Livestock Research for Rural Development 28 (8) 2016 | Guide for preparation of papers | LRRD Newsletter | Citation of this paper |
An automated multiplex PCR assay of 10 polymorphic microsatellite loci was optimized here in Senepol bovine cattle. Allele frequencies were estimated for Colombian herds. The power of this set of markers for parentage and kinship analyses was also tested. Population genetic parameters, combined probability of identity (CPI) and combined probabilities of exclusion (CPE) were estimated.

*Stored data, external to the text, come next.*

lemma descent_lemma:
  fixes F :: "'a::euclidean_space \<Rightarrow> real"
  assumes grad: "\<And>w. GDERIV F w :> gradF w"
    and lip: "\<And>w w'. norm (gradF w - gradF w') \<le> L * norm (w - w')"
  shows "F y \<le> F x + gradF x \<bullet> (y - x) + L / 2 * (norm (y - x))\<^sup>2"
proof -
  define d where "d = y - x"
  define \<phi> where "\<phi> t = F (x + t *\<^sub>R d) - t * (gradF x \<bullet> d) - L / 2 * t\<^sup>2 * (norm d)\<^sup>2" for t
  have der: "(\<phi> has_real_derivative (gradF (x + t *\<^sub>R d) \<bullet> d - gradF x \<bullet> d - L * t * (norm d)\<^sup>2)) (at t)" for t
  proof -
    have "((\<lambda>t. x + t *\<^sub>R d) has_derivative (\<lambda>h. h *\<^sub>R d)) (at t)"
      by (auto intro!: derivative_eq_intros)
    moreover have "(F has_derivative (\<lambda>h. h \<bullet> gradF (x + t *\<^sub>R d))) (at (x + t *\<^sub>R d))"
      using grad[of "x + t *\<^sub>R d"] by (simp add: gderiv_def)
    ultimately have "((\<lambda>t. F (x + t *\<^sub>R d)) has_derivative (\<lambda>h. (h *\<^sub>R d) \<bullet> gradF (x + t *\<^sub>R d))) (at t)"
      by (rule has_derivative_compose)
    then have "((\<lambda>t. F (x + t *\<^sub>R d)) has_real_derivative (gradF (x + t *\<^sub>R d) \<bullet> d)) (at t)"
      by (simp add: has_field_derivative_def inner_commute mult.commute[of _ "d \<bullet> _"])
    then show ?thesis unfolding \<phi>_def
      by (auto intro!: derivative_eq_intros simp: power2_eq_square)
  qed
  have "\<phi> 1 \<le> \<phi> 0"
  proof (rule DERIV_nonpos_imp_nonincreasing[of 0 1 \<phi>])
    fix t :: real assume t: "0 \<le> t" "t \<le> 1"
    have "gradF (x + t *\<^sub>R d) \<bullet> d - gradF x \<bullet> d \<le> norm (gradF (x + t *\<^sub>R d) - gradF x) * norm d"
      by (metis Cauchy_Schwarz_ineq2 abs_le_D1 inner_diff_left)
    also have "\<dots> \<le> L * norm (t *\<^sub>R d) * norm d"
      using lip[of "x + t *\<^sub>R d" x] by (intro mult_right_mono) auto
    also have "\<dots> = L * t * (norm d)\<^sup>2"
      using t by (simp add: power2_eq_square)
    finally show "\<exists>y. (\<phi> has_real_derivative y) (at t) \<and> y \<le> 0"
      using der[of t] by auto
  qed simp
  then show ?thesis unfolding \<phi>_def d_def by simp
qed

lemma descent_lemma_lower:
  fixes F :: "'a::euclidean_space \<Rightarrow> real"
  assumes grad: "\<And>w. GDERIV F w :> gradF w"
    and lip: "\<And>w w'. norm (gradF w - gradF w') \<le> L * norm (w - w')"
  shows "F x + gradF x \<bullet> (y - x) - L / 2 * (norm (y - x))\<^sup>2 \<le> F y"
proof -
  have "GDERIV (\<lambda>w. - F w) w :> - gradF w" for w
    using grad[of w] unfolding gderiv_def by (auto intro!: derivative_eq_intros)
  moreover have "norm (- gradF w - - gradF w') \<le> L * norm (w - w')" for w w'
    using lip[of w w'] by (simp add: norm_minus_commute[of "gradF w"])
  ultimately show ?thesis using descent_lemma[of "\<lambda>w. - F w" "\<lambda>w. - gradF w" L y x] by simp
qed

lemma
  fixes f :: "'b \<Rightarrow> real"
  assumes "f \<in> borel_measurable N" and "\<And>x. 0 \<le> f x" and "0 \<le> c"
    and le: "(\<integral>\<^sup>+x. ennreal (f x) \<partial>N) \<le> ennreal c"
  shows integrable_of_nn_integral_le: "integrable N f"
    and integral_le_of_nn_integral_le: "integral\<^sup>L N f \<le> c"
proof -
  have "(\<integral>\<^sup>+x. ennreal (f x) \<partial>N) < \<infinity>" using le by (rule le_less_trans) simp
  then show i: "integrable N f" unfolding integrable_iff_bounded using assms by simp
  have "ennreal (integral\<^sup>L N f) \<le> ennreal c"
    using nn_integral_eq_integral[OF i] assms le by simp
  then show "integral\<^sup>L N f \<le> c" using ennreal_le_iff[OF \<open>0 \<le> c\<close>] by simp
qed

lemma (in finite_measure) square_norm_integrable_imp_integrable:
  fixes g :: "'a \<Rightarrow> 'b::{banach, second_countable_topology}"
  assumes "g \<in> borel_measurable M" and "integrable M (\<lambda>x. (norm (g x))\<^sup>2)"
  shows "integrable M g"
proof (rule Bochner_Integration.integrable_bound)
  show "integrable M (\<lambda>x. 1 + (norm (g x))\<^sup>2)" using assms by auto
  show "AE x in M. norm (g x) \<le> norm (1 + (norm (g x))\<^sup>2)"
  proof (intro AE_I2)
    fix x
    have "norm (g x) \<le> 1 + (norm (g x))\<^sup>2"
    proof (cases "norm (g x) \<le> 1")
      case False
      then have "norm (g x) * 1 \<le> norm (g x) * norm (g x)" by (intro mult_left_mono) auto
      then show ?thesis by (simp add: power2_eq_square)
    qed (simp add: add_increasing2)
    then show "norm (g x) \<le> norm (1 + (norm (g x))\<^sup>2)" by simp
  qed
qed (use assms in auto)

The average number of alleles per locus was 14, the effective number of alleles was 5, the observed and expected heterozygosities were 0.635 and 0.776, respectively, the Shannon Index was 2.70 and the polymorphic information content was 0.751. These values evidenced elevated levels of polymorphism and an underestimation of genetic diversity through the use of manual genotyping methods. Inbreeding coefficient (Fis=0.206) in Colombian Senepol herds was moderate. Altogether, data from the used set of microsatellite loci yielded a CPI between two random samples of 1.07E-12. The CPE in parentage testing were >0.998 for the first parent and >0.999 for both the second parent and parent pairs. This set of polymorphic markers can be genotyped in a relatively easy, effective and reliable way for relatedness and forensic analyses. Finally, we recommend our approach for population genetic analyses of other Senepol populations and future genetic monitoring of inbreeding in Senepol herds.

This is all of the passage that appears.